At Holly’s, her car’s in the driveway. I knock.

She opens the door, phone in hand, surprised. “Cole?”

“Can we talk?”

She hesitates, then steps aside. I follow her into the living room. She sits on the couch. I take the chair across from her.

“I’m sorry,” I say. “About this morning. The way I reacted to the photo. I panicked and I hurt you.”

“Why did you panic?”

I lean forward, elbows on knees. “Because for three years I’ve been invisible. Nobody watching. Nobody expecting anything. And then that photo with people asking questions, seeing us together… It made it real. Public.”

“And that scared you.”

“Yeah.”

“Because of Emma.”

I nod. “Everyone saw me fail her. I wasn’t there when she needed me. And I hid up here where nobody could watch me fail again.”

“Cole, you didn’t fail her.

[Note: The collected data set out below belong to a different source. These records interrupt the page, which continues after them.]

lemma carrier_Z2Q:
  assumes "n > 0"
  shows "x \<in> carrier (Z2Q n) \<longleftrightarrow> (\<exists>e a b. x = qelt n e a b \<and> e \<in> {0,1} \<and> b \<in> {0,1})"
proof
  assume "x \<in> carrier (Z2Q n)"
  then obtain e a b where "x = (e, a, b)" "e \<in> {0..<2}" "a < 2 * n" "b \<in> {0,1}"
    by (auto simp: Z2Q_def DirProd_def quaternion_group_def carrier_integer_mod_group)
  moreover have "x = qelt n e (int a) b"
    using \<open>a < 2 * n\<close> \<open>x = (e, a, b)\<close> by (simp add: qelt_def)
  ultimately show "\<exists>e a b. x = qelt n e a b \<and> e \<in> {0,1} \<and> b \<in> {0,1}" by force
next
  assume "\<exists>e a b. x = qelt n e a b \<and> e \<in> {0,1} \<and> b \<in> {0,1}"
  with assms show "x \<in> carrier (Z2Q n)"
    by (auto simp: Z2Q_def DirProd_def quaternion_group_def carrier_integer_mod_group
        qelt_def nat_less_iff)
qed

lemma one_Z2Q: "\<one>\<^bsub>Z2Q n\<^esub> = qelt n 0 0 0"
  by (simp add: Z2Q_def DirProd_def quaternion_group_def qelt_def)

lemma qelt_mult:
  assumes "n > 0" "b \<in> {0,1}" "b' \<in> {0,1}"
  shows "qelt n e a b \<otimes>\<^bsub>Z2Q n\<^esub> qelt n e' c b' =
    qelt n ((e + e') mod 2) (a + (1 - 2 * int b) * c + int (b * b') * int n) ((b + b') mod 2)"
proof -
  from assms(2,3) consider "b = 0" | "b = 1" "b' = 0" | "b = 1" "b' = 1" by auto
  then show ?thesis
  proof cases
    case 1
    with assms show ?thesis
      by (auto simp: Z2Q_def DirProd_def quaternion_group_def qelt_def nat_mod_add_nat_mod)
  next
    case 2
    with assms show ?thesis
      using nat_mod_diff_nat_mod[of n a c 0]
      by (simp add: Z2Q_def DirProd_def quaternion_group_def qelt_def)
  next
    case 3
    with assms show ?thesis
      using nat_mod_diff_nat_mod[of n a c n]
      by (simp add: Z2Q_def DirProd_def quaternion_group_def qelt_def)
  qed
qed

lemma qelt_eq_one_iff:
  assumes "n > 0"
  shows "qelt n e a b = \<one>\<^bsub>Z2Q n\<^esub> \<longleftrightarrow> e = 0 \<and> 2 * int n dvd a \<and> b = 0"
  using assms by (simp add: one_Z2Q qelt_eq_iff mod_eq_0_iff_dvd)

An accident?—”

“Everyone knows I was in Seattle when I should’ve been here. That I couldn’t save her.” My hands fist on my knees. “And when people start watching us, they’ll remember. They’ll wait for me to fail you, too.”

“I’m not asking you to save me. I’m asking you to choose me. There’s a difference.”

“I know.”

“Do you? Because this morning, when you saw that photo, you made me feel like something to hide. Like I was convenient in private but too much work in public.”

The words cut deep because they’re true.